Review of Some Came Running by James Jones.

Every recognition has always been a hazardous triumph for the young man working in the arts. In recent years the hazards attendant upon youthful success in our society have doubled and redoubled: from movie money to mass media exploitation, the Lorelei are itching to seduce the serious young artist. And all this in addition to the traditional traps: the envious critics lying in wait for his new show or his second novel; the great expectations of his admirers, who peer anxiously over his shoulder, waiting for their fashionable praise to be triumphantly vindicated.

Bearing all this in mind, I began James Jones's enormous new novel with great sympathy, and read it with as much attention as one can devote to a novel of 1266 pages that must be discussed in a weekly magazine. I had not much liked his first book. From Here to Eternity, which I felt to be sentimentally conceived and crudely written; but it was starred with passages of considerable power, and was endowed with sufficient narrative drive to excite the hope that its author would in time master the difficult art he had set out to conquer.

The first thing one notices, I think, about Some Came Running, is how badly it is written. This is not primarily because of Mr.

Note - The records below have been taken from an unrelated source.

definition restr :: "(nat \<Rightarrow> nat) \<Rightarrow> nat set \<Rightarrow> nat \<Rightarrow> nat" where
  "restr \<sigma> I = (\<lambda>i. if i \<in> I then \<sigma> i else i)"

definition rho_ie :: "nat \<Rightarrow> ((nat \<Rightarrow> nat) \<times> (nat \<Rightarrow> nat)) set" where
  "rho_ie n = {(\<sigma>, \<mu>). \<sigma> \<in> Sn n \<and> \<mu> \<in> Sn n \<and> Seg n \<sigma> = Seg n \<mu> \<and>
      (\<forall>I\<in>Seg n \<sigma>. restr \<mu> I = restr \<sigma> I \<or> restr \<mu> I = inv (restr \<sigma> I))}"

end

theory Submission
  imports Defs
begin

text \<open>
  Call c a cut point of \<sigma> when {1..c} is \<sigma>-closed. As \<sigma> permutes {1..n}, complements of
  closed sets are closed, so the \<sigma>-sections are exactly the intervals {a+1..b} between cut
  points a < b, and the segments are the intervals between consecutive cut points; this gives
  (i)--(iii). For (iv), if \<mu> agrees with \<sigma> or \<sigma>\<inverse> on each block of a cover by sections,
  then \<sigma> and \<mu> have the same closed sets (a finite set is invariant under a permutation iff it
  is invariant under its inverse), hence the same segments, and the condition on a block
  descends to the segments inside it. For (v), the restriction of \<sigma> to a segment is a
  bijection, and "equal or inverse" is symmetric and transitive among bijections.
\<close>

lemma restr_eq_restrict_id: "restr = restrict_id"
  by (simp add: fun_eq_iff restr_def restrict_id_def)

lemma restr_restr: "I \<subseteq> J \<Longrightarrow> restr (restr f J) I = restr f I"
  by (auto simp: fun_eq_iff restr_def)

lemma restr_image: "B \<subseteq> J \<Longrightarrow> restr f J ` B = f ` B"
  by (auto simp: restr_def)

lemma permutes_image_eq_of_subset:
  assumes "p permutes S" "finite B" "p ` B \<subseteq> B"
  shows "p ` B = B"
  using endo_inj_surj[OF assms(2,3) inj_on_subset[OF permutes_inj[OF assms(1)] subset_UNIV]] .

lemma permutes_inv_image_subset_iff:
  assumes p: "p permutes S" and B: "finite B"
  shows "inv p ` B \<subseteq> B \<longleftrightarrow> p ` B \<subseteq> B"
proof -
  have inv_closed: "inv q ` B \<subseteq> B" if q: "q permutes S" "q ` B \<subseteq> B" for q
  proof -
    have "inv q ` B = inv q ` q ` B"
      using permutes_image_eq_of_subset[OF q(1) B q(2)] by simp
    also have "\<dots> = B"
      by (simp add: image_comp permutes_inv_o(2)[OF q(1)])
    finally show ?thesis by simp
  qed
  show ?thesis
  proof
    assume "inv p ` B \<subseteq> B"
    then have "inv (inv p) ` B \<subseteq> B"
      by (rule inv_closed[OF permutes_inv[OF p]])
    then show "p ` B \<subseteq> B"
      by (simp add: permutes_inv_inv[OF p])
  qed (rule inv_closed[OF p])
qed

lemma restr_permutes:
  assumes "p permutes S" "finite I" "p ` I \<subseteq> I"
  shows "restr p I permutes I"
  unfolding restr_eq_restrict_id
proof (rule permutes_restrict_id)
  show "bij_betw p I I"
    using permutes_image_eq_of_subset[OF assms] inj_on_subset[OF permutes_inj[OF assms(1)]]
    by (simp add: bij_betw_def)
qed

lemma inv_restr:
  assumes p: "p permutes S" and I: "finite I" "p ` I \<subseteq> I"
  shows "inv (restr p I) = restr (inv p) I"
proof
  fix y
  have "restr p I (restr (inv p) I y) = y"
  proof (cases "y \<in> I")
    case True
    then have "inv p y \<in> I"
      using permutes_inv_image_subset_iff[OF p I(1)] I(2) by blast
    then show ?thesis
      using True permutes_inverses(1)[OF p] by (simp add: restr_def)
  qed (simp add: restr_def)
  then show "inv (restr p I) y = restr (inv p) I y"
    by (simp only: permutes_inv_eq[OF restr_permutes[OF assms]])
qed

Jones's determination (other novelists have attempted it before him) to abolish the apostrophe—although that in itself is so evident on every page as to warrant passing comment. There are it is true apostrophes here and there, but since they appear most infrequently it can be fairly assumed that they are the typographical errors, and not the “Im,” “hed,” “youre” and “isnt” with which the pages are dotted. Of course it can be argued that these words mean the same with or without punctuation, and that therefore it would be better omitted. But there remains a difference to the eye, the ear and the mind, between “we’re” and “were,” between “we’d” and “wed,” between “she’d” and “shed,” to cite only a few examples of Mr. Jones's maddeningly pointless and irritating rebellion against the apostrophe. Only a tone-deaf writer, insensitive to the resonance-potential of language, would resort to this kind of adolescent defiance—unless he were deliberately attempting, like a dadaist or a Joycean, to smash the traditional forms in order to construct new forms (something with which Mr. Jones could never be charged, since his new book can be regarded as an appalling cenotaph to the traditional realistic novel).

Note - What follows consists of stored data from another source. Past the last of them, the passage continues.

lemma mult_ln_div_cube_le:
  fixes k m c :: real assumes k: "0 < k" and m: "0 < m"
  shows "k/2 * (ln m - 3 * ln k + c) \<le> m/2000 + exp ((ln 1000 + c)/2)"
proof -
  define B where "B = (ln 1000 + c)/2"
  have "k/2 * (ln m - ln 1000 - ln k) \<le> k/2 * (m / (1000 * k) - 1)"
    using ln_le_tangent_line[of m "1000 * k"] k m by (intro mult_left_mono) (simp_all add: ln_mult)
  moreover have "k * (B - ln k) \<le> k * (exp B / k - 1)"
    using ln_le_tangent_line[of "exp B" k] k by (intro mult_left_mono) simp_all
  moreover have "k/2 * (m / (1000 * k) - 1) = m/2000 - k/2" "k * (exp B / k - 1) = exp B - k"
    using k by (simp_all add: field_simps)
  moreover have "k/2 * (ln m - 3 * ln k + c) = k/2 * (ln m - ln 1000 - ln k) + k * (B - ln k)"
    unfolding B_def by (simp add: field_simps)
  ultimately show ?thesis unfolding B_def[symmetric] using k by linarith
qed

lemma exp_17_div_6_ge: "14 \<le> exp (17/6::real)"
proof -
  have "(14::real) \<le> (1 + 17/192) ^ 32" by (simp add: power_divide)
  also have "\<dots> \<le> exp (17/192) ^ 32"
    by (rule power_mono) (use exp_ge_add_one_self[of "17/192::real"] in auto)
  also have "\<dots> = exp (17/6)" using exp_of_nat_mult[of 32 "17/192::real"] by simp
  finally show ?thesis .
qed

lemma ln_binomial_Gamma_ratio:
  assumes "1 \<le> k" "k \<le> m"
  shows "ln (binomial_Gamma_ratio m k) = ln (real ((m - 1) choose (k - 1)))
    + (ln (fact m) - real k * ln (Gamma (real m / real k)) - real m * ln (real k))"
proof -
  have "real ((m - 1) choose (k - 1)) > 0" "Gamma (real m / real k) > 0" "real k > 0"
    using assms by simp_all
  then show ?thesis unfolding binomial_Gamma_ratio_def by (simp add: ln_mult ln_div ln_realpow)
qed

lemma binomial_Gamma_ratio_pos: "1 \<le> k \<Longrightarrow> k \<le> m \<Longrightarrow> 0 < binomial_Gamma_ratio m k"
  unfolding binomial_Gamma_ratio_def by simp

lemma ln_binomial_pred_le:
  assumes k: "1 \<le> k" and km: "k \<le> m"
  shows "ln (real ((m - 1) choose (k - 1))) \<le> real k * ln (real m) - ln (fact k) + ln (real k) - ln (real m)"
proof -
  have "real k * real (m choose k) = real m * real ((m - 1) choose (k - 1))"
    using binomial_absorption[of "k - 1" m] k by (simp flip: of_nat_mult)
  then have "ln (real k * real (m choose k)) = ln (real m * real ((m - 1) choose (k - 1)))"
    by simp
  then have "ln (real k) + ln (real (m choose k)) = ln (real m) + ln (real ((m - 1) choose (k - 1)))"
    using k km by (simp add: ln_mult)
  moreover have "real (m choose k) * fact k \<le> real m ^ k"
    by (metis binomial_fact_pow of_nat_fact of_nat_le_iff of_nat_mult of_nat_power)
  then have "ln (real (m choose k)) + ln (fact k) \<le> real k * ln (real m)"
    using k km by (simp add: ln_mult ln_realpow flip: ln_le_cancel_iff)
  ultimately show ?thesis by linarith
qed

lemma ln_binomial_le:
  fixes p :: real assumes "0 < p" "p < 1" "k \<le> m"
  shows "ln (real (m choose k)) \<le> - real k * ln p - real (m - k) * ln (1 - p)"
proof -
  have "ln (real (m choose k) * p ^ k * (1 - p) ^ (m - k)) \<le> 0"
    using binomial_term_le_one[of p k m] assms by simp
  with assms show ?thesis by (simp add: ln_mult ln_realpow)
qed

lemma binomial_Gamma_ratio_le_power:
  "\<exists>c>0. \<forall>m k. 1 \<le> k \<and> k \<le> m \<longrightarrow> binomial_Gamma_ratio m k \<le> c * real m ^ k * exp (1/1000) ^ m"
proof (intro exI conjI allI impI)
  define K :: real where "K = 2 + exp ((ln 1000 + (1/6 + ln 2))/2) + ln 2000"
  show "exp K > 0" by simp
  fix m k :: nat assume "1 \<le> k \<and> k \<le> m"
  then have k: "1 \<le> k" and km: "k \<le> m" by auto
  then have m: "real m > 0" and k_pos: "real k > 0" by simp_all
  have "real k / 2 * (ln (real m / real k) - 11/6 + ln 2)
      = real k / 2 * (ln (real m) - 3 * ln (real k) + (1/6 + ln 2)) + real k * ln (real k) - real k"
    using k m by (simp add: ln_div field_simps)
  moreover have "ln (real k) \<le> ln (real m)" "0 \<le> ln (real k)" "0 \<le> 1 / (12 * real k)"
    using k km by simp_all
  ultimately have "ln (binomial_Gamma_ratio m k) \<le> real k * ln (real m) + real m * (1/1000) + K"
    unfolding K_def ln_binomial_Gamma_ratio[OF k km]
    using ln_binomial_pred_le[OF k km] ln_fact_minus_ln_Gamma_power_le[OF k km] ln_fact_lower[OF k]
      mult_ln_div_cube_le[OF k_pos m, of "1/6 + ln 2"] ln_le_tangent_line[of "real m" 2000] m
    by linarith
  then have "binomial_Gamma_ratio m k \<le> exp (real k * ln (real m) + real m * (1/1000) + K)"
    using binomial_Gamma_ratio_pos[OF k km] by (rule ln_le_imp_le_exp[rotated])
  also have "\<dots> = exp K * real m ^ k * exp (1/1000) ^ m"
    using m by (simp add: exp_add exp_of_nat_mult_ln flip: exp_of_nat_mult)
  finally show "binomial_Gamma_ratio m k \<le> exp K * real m ^ k * exp (1/1000) ^ m" .
qed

And indeed that is the kind of writer Mr. Jones reveals himself to be. His hero does not only grin “sillily” (on page 181); he and his associates smile “friendlily” (on pages 26, 96, 157, 194 and elsewhere). This substitution of adverbiage for an attempt to utilize the resources of the language to explain what one means—a characteristic of both novices and professional pulp writers—is endemic in Mr. Jones's prose. Thus, on pages 142-3:

“Maybe you should be teaching,” Dave said sourly . . . “You’re a very unusual woman, you know it?” Dave said lowly, and regretfully. “Not so unusual as you might think,” Gwen French said, darkly . . . “My whole life has been spent studying the lives of people just like you. —Besides, I have my own problems,” she said darkly . . . “That might not be such a bad life,” Dave said sourly, “if it were only true.”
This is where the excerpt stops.